### TASK BRIEF
Could you show each line of the records that contains the word "induction"?

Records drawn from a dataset
(* Let $n\ge2$ and $\mathcal G_n$, $z_e$ as in the context. Suppose $f\in\mathcal B(\mathcal G_n)$ with $f(z_e)\neq0$, and that $f_j\in A_{\mathbb C}(\mathcal G_n)$ for all $j\in\mathbb N$ with $f_j\to f$ uniformly. Then $\operatorname{supp}(f)=\{x\in\mathcal G_n:f(x)\neq0\}$ has nonempty interior.
   Context: Let $X=\{\mathbf 0,\mathbf 1\}$, $X^*$ the finite words (with empty word $\varnothing$), $X^\omega$ the infinite words, $C(\eta)=\{\eta w:w\in X^\omega\}$, $\mathbf 1^\infty$ the infinite word of ones. Fix $n\ge2$, a primitive polynomial $f_n$ of degree $n$ over $\mathbb F_2$ with root $\alpha$, and $\operatorname{Tr}(\beta)=\beta+\beta^2+\dots+\beta^{2^{n-1}}\in\mathbb F_2$. $\mathfrak G_n$ is the group of automorphisms of the binary rooted tree $X^*$ generated by $a$ ($a\cdot(\mathbf 0w)=\mathbf 1w$, $a\cdot(\mathbf 1w)=\mathbf 0w$) and $\iota_n(\beta)$, $\beta\in\mathbb F_{2^n}$, where $\iota_n(\beta)\cdot(\mathbf 0w)=\mathbf 0(a^{\operatorname{Tr}(\beta)}\cdot w)$, $\iota_n(\beta)\cdot(\mathbf 1w)=\mathbf 1(\iota_n(\alpha\beta)\cdot w)$; restrictions $g|_x$ are given by $g\cdot(xw)=(g\cdot x)(g|_x\cdot w)$; $e$ is the identity. $\mathcal G_n$ is the groupoid of germs of the action of the inverse semigroup $\{(\eta,g,\mu)\}\cup\{0\}$ on $X^\omega$ with $(\eta,g,\mu):C(\mu)\to C(\eta)$, $\mu w\mapsto\eta(g\cdot w)$; germs $[(\eta,g,\mu),w]$, $w\in C(\mu)$, with $[(\eta,g,\mu),w]=[(\eta',g',\mu'),w']$ iff $w=w'$ and some finite prefix $\nu=\mu\epsilon=\mu'\epsilon'$ of $w$ satisfies $\eta(g\cdot\epsilon)=\eta'(g'\cdot\epsilon')$ and $g|_\epsilon=g'|_{\epsilon'}$; basic open bisections $\{[s,w]:w\in U\}$. $z_e=[(\varnothing,e,\varnothing),\mathbf 1^\infty]$. $A_{\mathbb C}(\mathcal G_n)$ is the complex Steinberg algebra (span of characteristic functions of compact open bisections), and $\mathcal B(\mathcal G_n)$ is the space of bounded complex-valued functions on $\mathcal G_n$ with the uniform norm. *)

theory Defs
  imports Complex_Main
begin

text \<open>Alphabet X = {0,1} is rendered as bool (False = 0, True = 1).
 The field F_{2^n} is an arbitrary finite field type 'k of cardinality 2^n,
 and alpha is a primitive element (root of a primitive polynomial f_n).\<close>

type_synonym fword = "bool list"
type_synonym iword = "nat \<Rightarrow> bool"
type_synonym tauto = "fword \<Rightarrow> fword"
type_synonym sgelem = "fword \<times> tauto \<times> fword"
type_synonym germ = "(sgelem \<times> iword) set"

definition trace :: "nat \<Rightarrow> 'k::field \<Rightarrow> 'k" where
  "trace n \<beta> = (\<Sum>i<n. \<beta> ^ (2 ^ i))"

fun flipa :: "fword \<Rightarrow> fword" where
  "flipa [] = []"
| "flipa (x # w) = (\<not> x) # w"

fun iota :: "nat \<Rightarrow> 'k::field \<Rightarrow> 'k \<Rightarrow> fword \<Rightarrow> fword" where
  "iota n \<alpha> \<beta> [] = []"
| "iota n \<alpha> \<beta> (False # w) = False # (if trace n \<beta> = 0 then w else flipa w)"
| "iota n \<alpha> \<beta> (True # w) = True # iota n \<alpha> (\<alpha> * \<beta>) w"

inductive_set Gn :: "nat \<Rightarrow> 'k::field \<Rightarrow> tauto set" for n :: nat and \<alpha> :: "'k" where
  G_id: "id \<in> Gn n \<alpha>"
| G_a: "flipa \<in> Gn n \<alpha>"
| G_iota: "iota n \<alpha> \<beta> \<in> Gn n \<alpha>"
| G_comp: "g \<in> Gn n \<alpha> \<Longrightarrow> h \<in> Gn n \<alpha> \<Longrightarrow> g \<circ> h \<in> Gn n \<alpha>"
| G_inv: "g \<in> Gn n \<alpha> \<Longrightarrow> inv g \<in> Gn n \<alpha>"

text \<open>restriction (section) g|_x, defined by g(xw) = (g x)(g|_x w)\<close>
definition restr :: "tauto \<Rightarrow> fword \<Rightarrow> tauto" where
  "restr g x = (\<lambda>w. drop (length x) (g (x @ w)))"

definition wpre :: "iword \<Rightarrow> nat \<Rightarrow> fword" where
  "wpre w k = map w [0..<k]"

definition conc :: "fword \<Rightarrow> iword \<Rightarrow> iword" where
  "conc \<eta> w = (\<lambda>i. if i < length \<eta> then \<eta> ! i else w (i - length \<eta>))"

definition act_inf :: "tauto \<Rightarrow> iword \<Rightarrow> iword" where
  "act_inf g w = (\<lambda>i. g (wpre w (Suc i)) ! i)"

definition cyl :: "fword \<Rightarrow> iword set" where
  "cyl \<eta> = {conc \<eta> w | w. True}"

definition shiftw :: "nat \<Rightarrow> iword \<Rightarrow> iword" where
  "shiftw k w = (\<lambda>i. w (i + k))"

definition cantor_open :: "iword set \<Rightarrow> bool" where
  "cantor_open V \<longleftrightarrow> (\<forall>w\<in>V. \<exists>k. cyl (wpre w k) \<subseteq> V)"

definition GDom :: "nat \<Rightarrow> 'k::field \<Rightarrow> (sgelem \<times> iword) set" where
  "GDom n \<alpha> = {((\<eta>, g, \<mu>), w). g \<in> Gn n \<alpha> \<and> w \<in> cyl \<mu>}"

definition gerel :: "sgelem \<times> iword \<Rightarrow> sgelem \<times> iword \<Rightarrow> bool" where
  "gerel p q = (case p of ((\<eta>, g, \<mu>), w) \<Rightarrow> case q of ((\<eta>', g', \<mu>'), w') \<Rightarrow>
      w = w' \<and> (\<exists>\<epsilon> \<epsilon>'. wpre w (length (\<mu> @ \<epsilon>)) = \<mu> @ \<epsilon> \<and> \<mu> @ \<epsilon> = \<mu>' @ \<epsilon>'
                 \<and> \<eta> @ g \<epsilon> = \<eta>' @ g' \<epsilon>' \<and> restr g \<epsilon> = restr g' \<epsilon>'))"

definition germ :: "nat \<Rightarrow> 'k::field \<Rightarrow> sgelem \<Rightarrow> iword \<Rightarrow> germ" where
  "germ n \<alpha> s w = {q \<in> GDom n \<alpha>. gerel (s, w) q}"

definition Grpd :: "nat \<Rightarrow> 'k::field \<Rightarrow> germ set" where
  "Grpd n \<alpha> = {germ n \<alpha> s w | s w. (s, w) \<in> GDom n \<alpha>}"

definition z_e :: "nat \<Rightarrow> 'k::field \<Rightarrow> germ" where
  "z_e n \<alpha> = germ n \<alpha> ([], id, []) (\<lambda>_. True)"

text \<open>source and range of a germ (independent of the representative)\<close>
definition gsrc :: "germ \<Rightarrow> iword" where
  "gsrc x = snd (SOME p. p \<in> x)"

definition grng :: "germ \<Rightarrow> iword" where
  "grng x = (case SOME p. p \<in> x of ((\<eta>, g, \<mu>), w) \<Rightarrow> conc \<eta> (act_inf g (shiftw (length \<mu>) w)))"

definition bis :: "nat \<Rightarrow> 'k::field \<Rightarrow> sgelem \<Rightarrow> iword set \<Rightarrow> germ set" where
  "bis n \<alpha> s V = {germ n \<alpha> s w | w. w \<in> V}"

definition G_open :: "nat \<Rightarrow> 'k::field \<Rightarrow> germ set \<Rightarrow> bool" where
  "G_open n \<alpha> W \<longleftrightarrow> W \<subseteq> Grpd n \<alpha> \<and>
     (\<forall>x\<in>W. \<exists>\<eta> g \<mu> V. g \<in> Gn n \<alpha> \<and> cantor_open V \<and> V \<subseteq> cyl \<mu>
        \<and> x \<in> bis n \<alpha> (\<eta>, g, \<mu>) V \<and> bis n \<alpha> (\<eta>, g, \<mu>) V \<subseteq> W)"

definition G_compact :: "nat \<Rightarrow> 'k::field \<Rightarrow> germ set \<Rightarrow> bool" where
  "G_compact n \<alpha> K \<longleftrightarrow> K \<subseteq> Grpd n \<alpha> \<and>
     (\<forall>\<U>. (\<forall>U\<in>\<U>. G_open n \<alpha> U) \<and> K \<subseteq> \<Union>\<U> \<longrightarrow>
        (\<exists>\<V>\<subseteq>\<U>. finite \<V> \<and> K \<subseteq> \<Union>\<V>))"

definition G_bisection :: "nat \<Rightarrow> 'k::field \<Rightarrow> germ set \<Rightarrow> bool" where
  "G_bisection n \<alpha> B \<longleftrightarrow> B \<subseteq> Grpd n \<alpha> \<and> inj_on gsrc B \<and> inj_on grng B"

definition compact_open_bisection :: "nat \<Rightarrow> 'k::field \<Rightarrow> germ set \<Rightarrow> bool" where
  "compact_open_bisection n \<alpha> B \<longleftrightarrow> G_open n \<alpha> B \<and> G_compact n \<alpha> B \<and> G_bisection n \<alpha> B"

definition steinberg :: "nat \<Rightarrow> 'k::field \<Rightarrow> (germ \<Rightarrow> complex) set" where
  "steinberg n \<alpha> = {h. \<exists>(k::nat) (c::nat \<Rightarrow> complex) B.
      (\<forall>i<k. compact_open_bisection n \<alpha> (B i)) \<and>
      h = (\<lambda>x. \<Sum>i<k. c i * (if x \<in> B i then 1 else 0))}"

definition bounded_on_G :: "nat \<Rightarrow> 'k::field \<Rightarrow> (germ \<Rightarrow> complex) \<Rightarrow> bool" where
  "bounded_on_G n \<alpha> f \<longleftrightarrow> (\<exists>C. \<forall>x\<in>Grpd n \<alpha>. norm (f x) \<le> C)"

definition gsupp :: "nat \<Rightarrow> 'k::field \<Rightarrow> (germ \<Rightarrow> complex) \<Rightarrow> germ set" where
  "gsupp n \<alpha> f = {x \<in> Grpd n \<alpha>. f x \<noteq> 0}"

end

(*
  Write z_b for the germ of \<iota>(b) at 1^\<infinity> (so z_0 = z_e) and x(k,s) for the germs of a^s on the
  cylinder 1^k 0. Since \<iota>(b) acts on 1^k 0 as a^Tr(\<alpha>^k b), the x(k,s) with s = [Tr(\<alpha>^k b) \<noteq> 0]
  converge to z_b. Conversely, since \<G>_n is contracting with nucleus {a^s \<iota>(b) a^t}, an open set
  B is covered by open sets which, for large k, contain x(k,s) only if s = [Tr(\<alpha>^k b) \<noteq> 0] for
  some z_b in B. By compactness, for large k a compact open bisection B contains x(k,s) iff
  s = [Tr(\<alpha>^k b) \<noteq> 0] for the unique z_b in B (never, if there is none). Hence a Steinberg function h has, for large k,
  h(x(k,s)) = \<Sum>\<^sub>i c\<^sub>i [s = [Tr(\<alpha>^k b\<^sub>i) \<noteq> 0]] and h(z_e) = \<Sum>{c\<^sub>i | b\<^sub>i = 0}. Over a period of
  k \<mapsto> \<alpha>^k every b\<^sub>i \<noteq> 0 has nonzero trace for the same number A of k's, so
  A \<Sum>\<^sub>k h(x(k,0)) - (Q - A) \<Sum>\<^sub>k h(x(k,1)) = A Q h(z_e), where Q = 2^n - 1.
  If supp f had empty interior, f would vanish at some x(k,s) for all k and s; a uniform
  approximant of f in the Steinberg algebra would then be small at all of them, hence at z_e.
*)

theory Submission
  imports Defs "HOL-Computational_Algebra.Polynomial"
begin

section \<open>Characteristic two, primitive elements and the trace\<close>

lemma power2_add_char_two:
  fixes x y :: "'a::comm_ring_1"
  assumes "(1::'a) + 1 = 0"
  shows "(x + y) ^ 2 = x ^ 2 + y ^ 2"
proof -
  have "(x + y) ^ 2 = x ^ 2 + (1 + 1) * x * y + y ^ 2"
    by (simp add: power2_eq_square algebra_simps)
  with assms show ?thesis by simp
qed

lemma power_two_power_add_char_two:
  fixes x y :: "'a::comm_ring_1"
  assumes "(1::'a) + 1 = 0"
  shows "(x + y) ^ (2 ^ i) = x ^ (2 ^ i) + y ^ (2 ^ i)"
proof (induction i)
  case (Suc i)
  have "(x + y) ^ (2 ^ Suc i) = ((x + y) ^ (2 ^ i)) ^ 2"
    by (simp add: power_mult[symmetric] mult.commute)
  also have "\<dots> = (x ^ (2 ^ i)) ^ 2 + (y ^ (2 ^ i)) ^ 2"
    using Suc power2_add_char_two[OF assms] by simp
  finally show ?case
    by (simp add: power_mult[symmetric] mult.commute)
qed simp

lemma power2_sum_char_two:
  fixes f :: "'b \<Rightarrow> 'a::comm_ring_1"
  assumes "(1::'a) + 1 = 0"
  shows "(\<Sum>i\<in>A. f i) ^ 2 = (\<Sum>i\<in>A. f i ^ 2)"
  by (induction A rule: infinite_finite_induct) (simp_all add: power2_add_char_two[OF assms])

locale primitive_field =
  fixes n :: nat and \<alpha> :: "'k::{field,finite}"
  assumes two_le_n: "2 \<le> n"
    and card_field: "card (UNIV :: 'k set) = 2 ^ n"
    and primitive: "\<forall>\<beta>::'k. \<beta> \<noteq> 0 \<longrightarrow> (\<exists>k::nat. \<beta> = \<alpha> ^ k)"
begin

### WRITTEN REPLY
proof (induction i)
  by (induction A rule: infinite_finite_induct) (simp_all add: power2_add_char_two[OF assms])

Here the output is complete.